# Supplied material:

(* Let $Y$ be a polygonal complex and let $G(Y)$ be a developable complex of groups over $Y$ whose universal cover is Bourdon's building $I_{p,v}$. Then the indexing $\mathrm{Ind}_{G(Y)}$ induced by $G(Y)$ is $v$-thick.
   Context: Let $Y'$ be the first barycentric subdivision of $Y$. Its vertices are barycenters of cells of $Y$. Each edge $a$ of $Y'$ joins the barycenters of cells $\tau \subsetneq \tau'$ and is oriented from $i(a) = \tau'$ to $t(a) = \tau$. A complex of groups $G(Y)$ assigns: - a group $G_\tau$ to each vertex of $Y'$; - a monomorphism $\psi_a : G_{i(a)} \to G_{t(a)}$ to each edge $a$; - twisting elements $g_{a,b} \in G_{t(a)}$ for composable pairs, satisfying $\mathrm{Ad}(g_{a,b})\psi_{ab} = \psi_a\psi_b$. An action without inversions of a group on a simply connected polygonal complex $X$ induces a complex of groups over the quotient, with local groups the stabilizers of chosen lifts of cells. $G(Y)$ is developable if it is isomorphic to a complex of groups arising in this way; $X$ is then its universal cover. For $p \geq 5$ and $v \geq 2$, Bourdon's building $I_{p,v}$ is the unique simply connected polygonal $2$-complex whose $2$-cells are regular right-angled hyperbolic $p$-gons and whose vertex links are $K_{v,v}$; it is locally finite, so all indices below are finite. The induced indexing assigns to each edge $a$ of $Y'$ the integer $\mathrm{Ind}_{G(Y)}(a) = |G_{t(a)} : \psi_a(G_{i(a)})|$. An indexing $\mathrm{Ind}$ of $Y'$ (a positive integer for each edge of $Y'$) is $v$-thick if, for every vertex $\sigma$ of $Y'$ that is the midpoint of an edge of $Y$, $\sum_{a : t(a) = \sigma} \mathrm{Ind}(a) = v$. *)

theory Defs
  imports "HOL-Algebra.Coset"
begin

section \<open>Combinatorial polygonal 2-complexes\<close>

text \<open>A polygonal 2-complex is given combinatorially by a set of cells XC, a dimension
function dX (values 0, 1, 2) and the strict face relation fX (fX a c: a is a proper face of c).\<close>

definition vfaces :: "('x \<Rightarrow> nat) \<Rightarrow> ('x \<Rightarrow> 'x \<Rightarrow> bool) \<Rightarrow> 'x \<Rightarrow> 'x set" where
  "vfaces dX fX c = {y. fX y c \<and> dX y = 0}"

definition efaces :: "('x \<Rightarrow> nat) \<Rightarrow> ('x \<Rightarrow> 'x \<Rightarrow> bool) \<Rightarrow> 'x \<Rightarrow> 'x set" where
  "efaces dX fX c = {y. fX y c \<and> dX y = 1}"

# Exercise brief:
Each line holding the word "vfaces" must be pulled from the records.

# Answer for this exercise:
definition vfaces :: "('x \<Rightarrow> nat) \<Rightarrow> ('x \<Rightarrow> 'x \<Rightarrow> bool) \<Rightarrow> 'x \<Rightarrow> 'x set" where
  "vfaces dX fX c = {y. fX y c \<and> dX y = 0}"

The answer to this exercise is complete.